▶ [Problem] Begin at the top of the following data. Copy each line exactly until you have copied the line containing "sets, those with".

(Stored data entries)

text \<open>The EFPF of the IBP factorises as \<open>\<phi> k * (\<Prod>i. w A\<^sub>i)\<close>, where \<open>\<phi>\<close> depends only on the
  number \<open>k\<close> of features and \<open>w A\<close> only on \<open>card A\<close>. Among the lists of length \<open>k\<close> of feature
  sets, those with exactly \<open>j\<close> entries of size \<open>r\<close> carry total weight
  \<open>\<phi> k * (k choose j) * R ^ j * N ^ (k - j)\<close>, where \<open>R\<close> is the weight of the \<open>r\<close>-element sets and
  \<open>N\<close> that of the others. With \<open>w\<close> normalised by \<open>(\<theta>+1)_(n-1)\<close>, a Chu--Vandermonde argument gives
  \<open>R + N = g_n(\<theta>,\<alpha>)\<close> and \<open>R = d_(n,r)\<close>. For the IBP, \<open>\<phi> k = \<gamma>^k exp(-\<gamma> g_n) / k!\<close>, and the sum
  over \<open>k\<close> is an exponential series yielding the Poisson mass. For the gamma mixture, integrating
  out \<open>\<gamma>\<close> turns \<open>\<phi> k\<close> into \<open>(b/(b+g_n))^a (a)_k / (k! (b+g_n)^k)\<close>, and the sum over \<open>k\<close> is a
  negative binomial series yielding the NegBinomial mass.\<close>

section \<open>Weighted lists with a prescribed number of marked entries\<close>

definition lists_len_count :: "'a set \<Rightarrow> ('a \<Rightarrow> bool) \<Rightarrow> nat \<Rightarrow> nat \<Rightarrow> 'a list set" where
  "lists_len_count S P k j = {xs. set xs \<subseteq> S \<and> length xs = k \<and> length (filter P xs) = j}"

lemma finite_lists_len_count: "finite S \<Longrightarrow> finite (lists_len_count S P k j)"
  unfolding lists_len_count_def
  by (rule finite_subset[OF _ finite_lists_length_eq[of S k]]) auto

lemma sum_prod_list_lists_len_count_Suc:
  fixes w :: "'a \<Rightarrow> real"
  assumes "finite S"
  shows "(\<Sum>xs\<in>lists_len_count S P (Suc k) j. prod_list (map w xs)) =
     (\<Sum>x\<in>{x\<in>S. P x}. w x) * (if j = 0 then 0 else \<Sum>xs\<in>lists_len_count S P k (j - 1). prod_list (map w xs))
     + (\<Sum>x\<in>{x\<in>S. \<not> P x}. w x) * (\<Sum>xs\<in>lists_len_count S P k j. prod_list (map w xs))"
proof -
  define T where "T i = (\<Sum>xs\<in>lists_len_count S P k i. prod_list (map w xs))" for i
  define tails where
    "tails x = (if P x then (if j = 0 then {} else lists_len_count S P k (j - 1)) else lists_len_count S P k j)" for x
  have split: "lists_len_count S P (Suc k) j = (\<lambda>(x, xs). x # xs) ` (SIGMA x:S. tails x)"
    by (auto simp: lists_len_count_def tails_def length_Suc_conv image_iff split: if_splits)
  have inj: "inj_on (\<lambda>(x, xs). x # xs) (SIGMA x:S. tails x)"
    by (auto simp: inj_on_def)
  have "(\<Sum>xs\<in>lists_len_count S P (Suc k) j. prod_list (map w xs)) =
      (\<Sum>(x, xs)\<in>(SIGMA x:S. tails x). w x * prod_list (map w xs))"
    unfolding split sum.reindex[OF inj] by (simp add: case_prod_unfold)
  also have "\<dots> = (\<Sum>x\<in>S. w x * (\<Sum>xs\<in>tails x. prod_list (map w xs)))"
    using assms by (subst sum.Sigma[symmetric])
      (auto simp: tails_def finite_lists_len_count sum_distrib_left)
  also have "\<dots> = (\<Sum>x\<in>S. if P x then w x * (if j = 0 then 0 else T (j - 1)) else w x * T j)"
    by (intro sum.cong) (auto simp: tails_def T_def)
  also have "\<dots> = (\<Sum>x\<in>{x\<in>S. P x}. w x) * (if j = 0 then 0 else T (j - 1)) + (\<Sum>x\<in>{x\<in>S. \<not> P x}. w x) * T j"
    using assms by (simp add: sum.If_cases sum_distrib_right Collect_conj_eq Int_commute Compl_eq)
  finally show ?thesis by (simp add: T_def)
qed

lemma sum_prod_list_lists_len_count:
  fixes w :: "'a \<Rightarrow> real"
  assumes "finite S"
  shows "(\<Sum>xs\<in>lists_len_count S P k j. prod_list (map w xs)) =
     real (k choose j) * (\<Sum>x\<in>{x\<in>S. P x}. w x) ^ j * (\<Sum>x\<in>{x\<in>S. \<not> P x}. w x) ^ (k - j)"
proof (induction k arbitrary: j)
  case 0
  have "lists_len_count S P 0 j = (if j = 0 then {[]} else {})"
    by (auto simp: lists_len_count_def)
  then show ?case by simp
next
  case (Suc k)
  define R where "R = (\<Sum>x\<in>{x\<in>S. P x}. w x)"
  define N where "N = (\<Sum>x\<in>{x\<in>S. \<not> P x}. w x)"
  show ?case
  proof (cases j)
    case 0
    then show ?thesis using Suc by (simp add: sum_prod_list_lists_len_count_Suc[OF assms])
  next
    case (Suc i)
    have "real (Suc k choose Suc i) * R ^ Suc i * N ^ (Suc k - Suc i) =
        R * (real (k choose i) * R ^ i * N ^ (k - i)) + N * (real (k choose Suc i) * R ^ Suc i * N ^ (k - Suc i))"
    proof (cases "i < k")
      case True
      then have "k - i = Suc (k - Suc i)" by simp
      then show ?thesis by (simp add: algebra_simps)
    qed (simp add: binomial_eq_0)
    then show ?thesis
      using Suc.IH Suc by (simp add: sum_prod_list_lists_len_count_Suc[OF assms] R_def N_def)
  qed
qed

text \<open>Sum first over the (finitely many) lists of a fixed length, then over the length.\<close>

lemma has_sum_prod_list_count_filter:
  fixes w :: "'a \<Rightarrow> real" and \<phi> :: "nat \<Rightarrow> real"
  assumes S: "finite S" and w: "\<And>x. x \<in> S \<Longrightarrow> 0 \<le> w x" and \<phi>: "\<And>k. 0 \<le> \<phi> k"
    and L: "(\<lambda>k. \<phi> k * (real (k choose j) * (\<Sum>x\<in>{x\<in>S. P x}. w x) ^ j
                 * (\<Sum>x\<in>{x\<in>S. \<not> P x}. w x) ^ (k - j))) sums L"
  shows "((\<lambda>xs. \<phi> (length xs) * prod_list (map w xs)) has_sum L)
           {xs. set xs \<subseteq> S \<and> length (filter P xs) = j}"
proof -
  define f where "f = (\<lambda>(k::nat, xs). \<phi> k * prod_list (map w xs))"
  define g where "g = (\<lambda>k. \<phi> k * (real (k choose j) * (\<Sum>x\<in>{x\<in>S. P x}. w x) ^ j
                 * (\<Sum>x\<in>{x\<in>S. \<not> P x}. w x) ^ (k - j)))"
  let ?I = "Sigma UNIV (\<lambda>k. lists_len_count S P k j)"
  have fiber: "((\<lambda>xs. f (k, xs)) has_sum g k) (lists_len_count S P k j)" for k
    using has_sum_finite[OF finite_lists_len_count[OF S], of "\<lambda>xs. f (k, xs)" P k j]
    by (simp add: f_def g_def sum_distrib_left[symmetric] sum_prod_list_lists_len_count[OF S])
  have f_nonneg: "0 \<le> f p" if "p \<in> ?I" for p
    using that \<phi> w unfolding f_def lists_len_count_def
    by (auto intro!: mult_nonneg_nonneg prod_list_nonneg simp: subset_iff)
  have g_nonneg: "0 \<le> g k" for k
    using \<phi> w by (auto simp: g_def intro!: mult_nonneg_nonneg zero_le_power sum_nonneg)
  have "(g has_sum L) UNIV"
    using L g_nonneg unfolding g_def[symmetric] by (rule sums_nonneg_imp_has_sum)
  then have "(f has_sum L) ?I"
    using fiber f_nonneg
    by (intro has_sum_SigmaI[OF fiber] summable_on_SigmaI[OF fiber]) (auto simp: has_sum_iff)
  then have "(((\<lambda>xs. \<phi> (length xs) * prod_list (map w xs)) \<circ> snd) has_sum L) ?I"
    by (rule has_sum_cong[THEN iffD1, rotated]) (auto simp: f_def lists_len_count_def)
  then have "((\<lambda>xs. \<phi> (length xs) * prod_list (map w xs)) has_sum L) (snd ` ?I)"
    by (subst has_sum_reindex) (auto simp: inj_on_def lists_len_count_def)
  moreover have "snd ` ?I = {xs. set xs \<subseteq> S \<and> length (filter P xs) = j}"
    by (auto simp: lists_len_count_def image_iff)
  ultimately show ?thesis by simp
qed

section \<open>Thinned Poisson and negative binomial series\<close>

lemma sums_binomial_thinning:
  fixes F :: "nat \<Rightarrow> real"
  assumes "(\<lambda>i. F (i + j) * fact (i + j) / fact i * N ^ i) sums L"
  shows "(\<lambda>k. F k * (real (k choose j) * R ^ j * N ^ (k - j))) sums (R ^ j / fact j * L)"
proof -
  have "(\<lambda>i. F (i + j) * (real ((i + j) choose j) * R ^ j * N ^ (i + j - j))) sums (R ^ j / fact j * L)"
  proof (rule sums_cong[THEN iffD1, OF _ sums_mult[OF assms]])
    fix i
    have "real ((i + j) choose j) = fact (i + j) / (fact j * fact i)"
      using binomial_fact[of j "i + j", where 'a = real] by simp
    then show "R ^ j / fact j * (F (i + j) * fact (i + j) / fact i * N ^ i) =
        F (i + j) * (real ((i + j) choose j) * R ^ j * N ^ (i + j - j))"
      by simp
  qed
  moreover have "(\<Sum>k<j. F k * (real (k choose j) * R ^ j * N ^ (k - j))) = 0"
    by (simp add: binomial_eq_0)
  ultimately show ?thesis
    using sums_iff_shift[of "\<lambda>k. F k * (real (k choose j) * R ^ j * N ^ (k - j))" j] by simp
qed

lemma sums_exp_binomial_thinning:
  fixes c R N :: real
  shows "(\<lambda>k. c ^ k / fact k * (real (k choose j) * R ^ j * N ^ (k - j))) sums
           ((c * R) ^ j / fact j * exp (c * N))"
proof -
  have "(\<lambda>i. c ^ j * ((c * N) ^ i / fact i)) sums (c ^ j * exp (c * N))"
    using exp_converges[of "c * N"] by (intro sums_mult) (simp add: divide_inverse mult.commute)
  then have "(\<lambda>i. c ^ (i + j) / fact (i + j) * fact (i + j) / fact i * N ^ i) sums (c ^ j * exp (c * N))"
    by (simp add: power_add power_mult_distrib mult_ac)
  from sums_binomial_thinning[OF this, of R] show ?thesis
    by (simp add: power_mult_distrib mult_ac)
qed

lemma sums_pochhammer_power:
  fixes s v :: real
  assumes "0 \<le> v" "v < 1"
  shows "(\<lambda>i. pochhammer s i / fact i * v ^ i) sums (1 - v) powr (- s)"
proof -
  have "(\<lambda>i. ((- s) gchoose i) * (- v) ^ i) sums (1 + - v) powr (- s)"
    by (rule gen_binomial_real) (use assms in auto)
  moreover have "((- s) gchoose i) * (- v) ^ i = pochhammer s i / fact i * v ^ i" for i
  proof -
    have "(-1::real) ^ i * (-1) ^ i = 1"
      by (simp flip: power_mult_distrib)
    then show ?thesis
      by (simp add: gbinomial_pochhammer power_minus[of v] mult.assoc mult.left_commute[of "(-1::real) ^ i"])
  qed
  ultimately show ?thesis by simp
qed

▶ [Reply to the task]
text \<open>The EFPF of the IBP factorises as \<open>\<phi> k * (\<Prod>i. w A\<^sub>i)\<close>, where \<open>\<phi>\<close> depends only on the
  number \<open>k\<close> of features and \<open>w A\<close> only on \<open>card A\<close>. Among the lists of length \<open>k\<close> of feature
  sets, those with exactly \<open>j\<close> entries of size \<open>r\<close> carry total weight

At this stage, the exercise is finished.